Month: January 2014

Improving Survival After Myocardial Infarction

A 78-year-old man comes to the physician because of a 6-month history of mild to moderate shortness of breath when climbing stairs. He had a myocardial infarction 2 years ago and has had an ejection fraction of 30% since then. His only medication is a β-adrenergic blocking agent. The lungs are clear to auscultation. Cardiac examination shows an S4 gallop. There is no peripheral edema. Laboratory studies are within normal limits. An ECG shows no acute changes. Which of the following is the most appropriate pharmacotherapy?

A) α-Adrenergic blocking agent

B) Angiotensin-converting enzyme (ACE) inhibitor

C) Angiotensin2-receptor blocking agent

D) Nitrates

E) Thiazide diuretic

F) Aspirin

G) α-Adrenergic Agonist

H) Furosemide

I) Digoxin

J) Warfarin

K) Enoxaparin

Through multiple studies we have come to understand that Beta blockers have been shown to improve survival after myocardial infarction (MI) by decreasing both oxygen demand and the incidence of ventricular arrhythmia. The patient in the vignette above is already on a Beta blocker, what other medication would be most appropriate?

Angiotensin-converting enzyme (ACE) inhibitors such as enalapril, have been shown to improve survival in post-MI patients who have ejection fractions less than 40%. A low ejection fraction will cause a myriad of consequences, one in particular (pre-renal azotemia  acute kidney injury (AKI).

It is our duty as medical doctors to take additional measures to limit infarct size and to reduce remodeling we do this with the use of nitroglycerin or angiotensin-converting enzyme (ACE) inhibitors.

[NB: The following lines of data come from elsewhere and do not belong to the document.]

lemma compound_row_sum_le:
  fixes B :: "complex mat"
  assumes entries: "\<And>i j. i < dim_row B \<Longrightarrow> j < dim_col B \<Longrightarrow> cmod (B $$ (i, j)) \<le> 1"
    and \<alpha>: "\<alpha> \<in> ksubsets (dim_row B) k" and k: "k < dim_col B"
  shows "(\<Sum>\<beta>\<in>ksubsets (dim_col B) k. cmod (minor B \<alpha> \<beta>))
    \<le> real (dim_col B choose k) * (real k + 1) powr ((real k - 1) / 2)"
proof -
  let ?n = "dim_col B"
  let ?S = "\<Sum>\<beta>\<in>ksubsets ?n k. cmod (minor B \<alpha> \<beta>)"
  let ?P = "(real k + 1) powr ((real k - 1) / 2)"
  have block: "(\<Sum>a\<in>\<gamma>. cmod (minor B \<alpha> (\<gamma> - {a}))) \<le> real (Suc k) powr (real (Suc k) / 2)"
    if "\<gamma> \<in> ksubsets ?n (Suc k)" for \<gamma>
  proof (rule power2_le_imp_le)
    show "(\<Sum>a\<in>\<gamma>. cmod (minor B \<alpha> (\<gamma> - {a})))\<^sup>2 \<le> (real (Suc k) powr (real (Suc k) / 2))\<^sup>2"
      using sum_cmod_minors_remove_le[OF entries, of \<alpha> \<gamma>] \<alpha> that
      by (simp add: ksubsets_def powr_half_power2 del: of_nat_Suc)
  qed simp
  have "real (?n - k) * ?S = (\<Sum>\<gamma>\<in>ksubsets ?n (Suc k). \<Sum>a\<in>\<gamma>. cmod (minor B \<alpha> (\<gamma> - {a})))"
    by (rule sum_ksubsets_Suc_remove[symmetric])
  also have "\<dots> \<le> (\<Sum>\<gamma>\<in>ksubsets ?n (Suc k). real (Suc k) powr (real (Suc k) / 2))"
    by (rule sum_mono) (rule block)
  also have "\<dots> = real (?n choose Suc k) * real (Suc k) powr (real (Suc k) / 2)"
    by (simp add: card_ksubsets del: of_nat_Suc)
  also have "\<dots> = real (Suc k * (?n choose Suc k)) * ?P"
  proof -
    have "real (Suc k) / 2 = 1 + (real k - 1) / 2"
      by (simp add: field_simps)
    then show ?thesis
      by (simp only: powr_add of_nat_mult) (simp add: add.commute)
  qed
  also have "\<dots> = real ((?n - k) * (?n choose k)) * ?P"
    by (simp only: binomial_absorption binomial_absorb_comp)
  also have "\<dots> = real (?n - k) * (real (?n choose k) * ?P)"
    by (simp add: mult.assoc)
  finally show ?thesis
    using k by simp
qed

Nitroglycerin can limit infarct size, infarct expansion and remodeling, but large-scale studies have not demonstrated clear mortality benefit following acute MI (1). However, clinical trials have shown that ACE inhibitors can improve survival in patients with reduced LV systolic function or heart failure after MI as well as reduce remodeling and left ventricular dilation (LVD) (2). Initial evidence that ACE inhibitors attenuated LV dilatation after MI came from studies in selected patients with LV impairment, anterior MI or Q-wave MI (3). However, evidence that ACE inhibitor treatment improves LV remodeling in patients with a patent IRA and in studies in which high proportions of patients received thrombolysis has been conflicting (4). Benefit from ACE inhibitor treatment thus seems to be greatest in patients at higher risk of LV dilatation due to more extensive infarction, particularly those with anterior or Q-wave infarction with an occluded IRA.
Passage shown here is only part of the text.